* _ACTION ITEM_
After locating "qed (use t K_def in auto)" in the listing below, copy that line and each one after it exactly, ending with the line that has "Suc (Suc m)".

Segment Open

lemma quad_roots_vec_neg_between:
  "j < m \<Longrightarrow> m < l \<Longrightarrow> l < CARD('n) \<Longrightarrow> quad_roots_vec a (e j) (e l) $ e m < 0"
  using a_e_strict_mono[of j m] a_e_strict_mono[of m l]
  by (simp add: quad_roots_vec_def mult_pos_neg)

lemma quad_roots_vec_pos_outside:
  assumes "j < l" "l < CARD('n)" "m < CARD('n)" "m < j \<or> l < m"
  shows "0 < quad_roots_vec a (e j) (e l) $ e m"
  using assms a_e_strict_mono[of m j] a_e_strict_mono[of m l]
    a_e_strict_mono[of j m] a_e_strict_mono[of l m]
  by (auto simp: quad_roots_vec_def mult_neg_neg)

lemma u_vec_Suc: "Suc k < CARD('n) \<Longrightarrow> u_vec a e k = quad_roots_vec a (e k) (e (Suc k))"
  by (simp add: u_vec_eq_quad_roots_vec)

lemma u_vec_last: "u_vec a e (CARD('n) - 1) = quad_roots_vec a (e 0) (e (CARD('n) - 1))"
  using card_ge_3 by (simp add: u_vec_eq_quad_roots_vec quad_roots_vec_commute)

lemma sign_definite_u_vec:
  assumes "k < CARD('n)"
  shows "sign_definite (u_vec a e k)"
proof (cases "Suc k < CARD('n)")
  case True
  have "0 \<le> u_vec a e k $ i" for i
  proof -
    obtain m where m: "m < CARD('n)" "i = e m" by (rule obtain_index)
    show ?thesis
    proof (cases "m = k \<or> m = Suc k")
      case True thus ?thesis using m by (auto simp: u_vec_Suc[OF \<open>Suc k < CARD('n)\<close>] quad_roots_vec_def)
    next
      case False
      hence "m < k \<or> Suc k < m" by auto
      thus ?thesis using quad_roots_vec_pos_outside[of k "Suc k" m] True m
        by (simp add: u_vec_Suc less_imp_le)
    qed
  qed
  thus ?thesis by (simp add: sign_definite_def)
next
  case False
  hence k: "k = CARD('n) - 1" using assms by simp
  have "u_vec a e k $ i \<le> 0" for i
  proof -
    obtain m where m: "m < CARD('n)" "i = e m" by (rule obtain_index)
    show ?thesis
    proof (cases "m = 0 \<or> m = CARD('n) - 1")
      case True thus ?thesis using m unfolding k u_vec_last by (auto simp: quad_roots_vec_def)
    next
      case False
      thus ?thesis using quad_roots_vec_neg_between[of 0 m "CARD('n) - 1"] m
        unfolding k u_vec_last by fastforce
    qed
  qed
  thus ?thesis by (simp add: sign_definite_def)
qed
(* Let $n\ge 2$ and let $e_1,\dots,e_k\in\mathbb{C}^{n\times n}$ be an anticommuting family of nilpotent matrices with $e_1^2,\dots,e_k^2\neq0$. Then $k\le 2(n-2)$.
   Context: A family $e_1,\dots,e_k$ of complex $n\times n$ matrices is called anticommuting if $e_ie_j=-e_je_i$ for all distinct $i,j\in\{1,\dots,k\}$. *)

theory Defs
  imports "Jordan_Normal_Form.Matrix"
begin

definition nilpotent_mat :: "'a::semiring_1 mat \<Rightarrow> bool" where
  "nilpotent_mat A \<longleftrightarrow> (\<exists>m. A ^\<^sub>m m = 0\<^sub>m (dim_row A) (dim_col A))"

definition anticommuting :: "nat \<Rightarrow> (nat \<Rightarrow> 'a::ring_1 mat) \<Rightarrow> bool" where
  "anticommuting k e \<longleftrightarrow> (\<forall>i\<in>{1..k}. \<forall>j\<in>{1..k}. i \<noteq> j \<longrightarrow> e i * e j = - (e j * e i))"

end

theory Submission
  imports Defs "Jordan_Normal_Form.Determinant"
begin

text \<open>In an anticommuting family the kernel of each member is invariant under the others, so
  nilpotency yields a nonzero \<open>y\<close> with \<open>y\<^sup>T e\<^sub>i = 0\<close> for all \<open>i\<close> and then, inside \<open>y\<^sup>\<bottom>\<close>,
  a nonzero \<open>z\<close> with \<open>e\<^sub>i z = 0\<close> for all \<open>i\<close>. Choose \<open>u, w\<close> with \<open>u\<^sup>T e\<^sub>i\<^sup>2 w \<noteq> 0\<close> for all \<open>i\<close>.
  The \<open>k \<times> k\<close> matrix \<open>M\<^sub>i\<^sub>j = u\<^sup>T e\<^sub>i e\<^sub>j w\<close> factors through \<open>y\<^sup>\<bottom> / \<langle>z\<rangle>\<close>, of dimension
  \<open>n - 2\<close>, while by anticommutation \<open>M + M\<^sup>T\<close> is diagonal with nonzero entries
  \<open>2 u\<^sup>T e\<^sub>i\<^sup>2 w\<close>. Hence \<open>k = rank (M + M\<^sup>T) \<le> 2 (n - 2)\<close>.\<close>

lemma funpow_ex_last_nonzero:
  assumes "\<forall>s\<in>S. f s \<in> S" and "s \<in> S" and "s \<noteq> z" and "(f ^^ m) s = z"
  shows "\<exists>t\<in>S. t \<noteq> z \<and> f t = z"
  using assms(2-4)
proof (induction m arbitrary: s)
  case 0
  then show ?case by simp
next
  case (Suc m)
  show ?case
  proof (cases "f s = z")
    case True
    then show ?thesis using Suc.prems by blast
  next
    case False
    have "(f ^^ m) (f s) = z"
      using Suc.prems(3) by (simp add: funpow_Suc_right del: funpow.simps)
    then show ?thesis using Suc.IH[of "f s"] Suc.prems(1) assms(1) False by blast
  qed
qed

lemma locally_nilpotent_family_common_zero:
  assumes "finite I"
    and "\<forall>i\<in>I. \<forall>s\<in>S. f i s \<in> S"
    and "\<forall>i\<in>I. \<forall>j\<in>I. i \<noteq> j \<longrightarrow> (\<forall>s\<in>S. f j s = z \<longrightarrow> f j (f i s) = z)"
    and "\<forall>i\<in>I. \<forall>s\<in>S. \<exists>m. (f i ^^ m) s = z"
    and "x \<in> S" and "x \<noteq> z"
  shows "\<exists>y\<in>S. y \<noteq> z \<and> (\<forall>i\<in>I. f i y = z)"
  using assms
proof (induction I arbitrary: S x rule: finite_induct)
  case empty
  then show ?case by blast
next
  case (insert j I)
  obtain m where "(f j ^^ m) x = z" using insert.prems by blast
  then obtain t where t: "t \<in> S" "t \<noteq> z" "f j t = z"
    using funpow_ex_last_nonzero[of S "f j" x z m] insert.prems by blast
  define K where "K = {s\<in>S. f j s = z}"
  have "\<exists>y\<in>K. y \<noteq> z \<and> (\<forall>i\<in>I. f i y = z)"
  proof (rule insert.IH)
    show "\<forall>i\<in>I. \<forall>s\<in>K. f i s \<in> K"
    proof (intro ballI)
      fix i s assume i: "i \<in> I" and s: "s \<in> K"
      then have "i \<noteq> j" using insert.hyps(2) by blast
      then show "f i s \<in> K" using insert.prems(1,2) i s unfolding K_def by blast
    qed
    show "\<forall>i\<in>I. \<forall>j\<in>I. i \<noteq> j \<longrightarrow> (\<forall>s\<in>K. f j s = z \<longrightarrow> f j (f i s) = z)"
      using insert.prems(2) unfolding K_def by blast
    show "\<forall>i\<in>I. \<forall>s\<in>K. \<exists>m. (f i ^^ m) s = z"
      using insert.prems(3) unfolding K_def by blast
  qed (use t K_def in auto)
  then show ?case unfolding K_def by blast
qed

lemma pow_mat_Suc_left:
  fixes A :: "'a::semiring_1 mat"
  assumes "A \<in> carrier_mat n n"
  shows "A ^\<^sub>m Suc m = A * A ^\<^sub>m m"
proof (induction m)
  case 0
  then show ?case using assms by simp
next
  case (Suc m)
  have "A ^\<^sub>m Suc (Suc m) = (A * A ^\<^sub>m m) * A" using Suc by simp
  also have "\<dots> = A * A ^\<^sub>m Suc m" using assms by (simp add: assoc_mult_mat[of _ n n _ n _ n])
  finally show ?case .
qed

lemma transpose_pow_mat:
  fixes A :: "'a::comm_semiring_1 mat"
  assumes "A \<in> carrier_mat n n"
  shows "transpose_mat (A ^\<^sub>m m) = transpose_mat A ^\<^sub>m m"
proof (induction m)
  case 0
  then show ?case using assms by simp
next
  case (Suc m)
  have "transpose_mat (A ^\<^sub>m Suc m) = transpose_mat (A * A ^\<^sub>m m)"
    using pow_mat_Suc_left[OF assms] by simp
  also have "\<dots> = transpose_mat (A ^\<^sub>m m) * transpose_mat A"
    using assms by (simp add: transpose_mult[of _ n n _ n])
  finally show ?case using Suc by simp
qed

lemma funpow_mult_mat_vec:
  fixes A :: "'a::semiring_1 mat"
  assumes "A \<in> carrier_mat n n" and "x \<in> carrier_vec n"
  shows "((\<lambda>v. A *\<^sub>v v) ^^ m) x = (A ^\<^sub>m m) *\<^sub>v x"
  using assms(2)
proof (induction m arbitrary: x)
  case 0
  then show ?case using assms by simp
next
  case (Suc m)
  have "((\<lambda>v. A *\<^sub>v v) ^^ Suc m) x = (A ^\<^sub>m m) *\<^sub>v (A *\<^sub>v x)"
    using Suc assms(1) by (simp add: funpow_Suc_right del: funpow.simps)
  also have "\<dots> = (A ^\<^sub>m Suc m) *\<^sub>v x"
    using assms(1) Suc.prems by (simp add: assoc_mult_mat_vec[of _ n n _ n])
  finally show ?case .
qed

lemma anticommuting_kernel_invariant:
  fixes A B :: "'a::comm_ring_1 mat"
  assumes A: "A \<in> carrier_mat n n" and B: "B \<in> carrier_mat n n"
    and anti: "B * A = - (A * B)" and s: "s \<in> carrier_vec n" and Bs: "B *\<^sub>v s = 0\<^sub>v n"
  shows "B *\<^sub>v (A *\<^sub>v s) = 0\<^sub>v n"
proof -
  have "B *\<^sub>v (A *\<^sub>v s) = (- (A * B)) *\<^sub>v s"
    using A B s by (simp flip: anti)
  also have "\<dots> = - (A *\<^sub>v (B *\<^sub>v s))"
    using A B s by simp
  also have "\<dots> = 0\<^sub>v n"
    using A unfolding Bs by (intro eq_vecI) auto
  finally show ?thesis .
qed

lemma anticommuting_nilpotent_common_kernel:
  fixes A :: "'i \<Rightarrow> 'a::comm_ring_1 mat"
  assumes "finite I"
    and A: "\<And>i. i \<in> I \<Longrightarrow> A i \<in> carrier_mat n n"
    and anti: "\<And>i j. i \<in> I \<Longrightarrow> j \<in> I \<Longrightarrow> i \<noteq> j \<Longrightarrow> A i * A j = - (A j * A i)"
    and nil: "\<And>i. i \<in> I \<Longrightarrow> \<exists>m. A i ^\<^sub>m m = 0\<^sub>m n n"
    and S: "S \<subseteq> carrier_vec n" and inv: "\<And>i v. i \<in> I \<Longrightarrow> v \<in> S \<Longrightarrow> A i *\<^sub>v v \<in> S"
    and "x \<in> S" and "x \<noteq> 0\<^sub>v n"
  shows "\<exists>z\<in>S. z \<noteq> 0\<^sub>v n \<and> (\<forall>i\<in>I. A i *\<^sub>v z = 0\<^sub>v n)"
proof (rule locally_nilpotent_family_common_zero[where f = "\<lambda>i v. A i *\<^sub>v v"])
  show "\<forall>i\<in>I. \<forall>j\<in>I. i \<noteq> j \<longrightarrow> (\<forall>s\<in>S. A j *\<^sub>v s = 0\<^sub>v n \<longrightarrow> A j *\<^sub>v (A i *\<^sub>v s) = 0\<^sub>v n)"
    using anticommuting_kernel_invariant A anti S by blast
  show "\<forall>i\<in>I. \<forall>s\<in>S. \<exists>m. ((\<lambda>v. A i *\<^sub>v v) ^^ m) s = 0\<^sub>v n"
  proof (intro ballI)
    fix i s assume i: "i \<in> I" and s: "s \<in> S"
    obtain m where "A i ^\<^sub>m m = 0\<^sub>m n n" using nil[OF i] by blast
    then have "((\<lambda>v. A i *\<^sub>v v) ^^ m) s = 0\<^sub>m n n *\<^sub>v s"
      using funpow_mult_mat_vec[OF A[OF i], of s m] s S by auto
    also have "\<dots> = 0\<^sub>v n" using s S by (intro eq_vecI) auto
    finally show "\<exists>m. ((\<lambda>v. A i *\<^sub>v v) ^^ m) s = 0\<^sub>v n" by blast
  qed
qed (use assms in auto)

Segment Closed

* _SOLUTION TO THIS TASK_
  qed (use t K_def in auto)
  then show ?case unfolding K_def by blast
qed

lemma pow_mat_Suc_left:
  fixes A :: "'a::semiring_1 mat"
  assumes "A \<in> carrier_mat n n"
  shows "A ^\<^sub>m Suc m = A * A ^\<^sub>m m"
proof (induction m)
  case 0
  then show ?case using assms by simp
next
  case (Suc m)
  have "A ^\<^sub>m Suc (Suc m) = (A * A ^\<^sub>m m) * A" using Suc by simp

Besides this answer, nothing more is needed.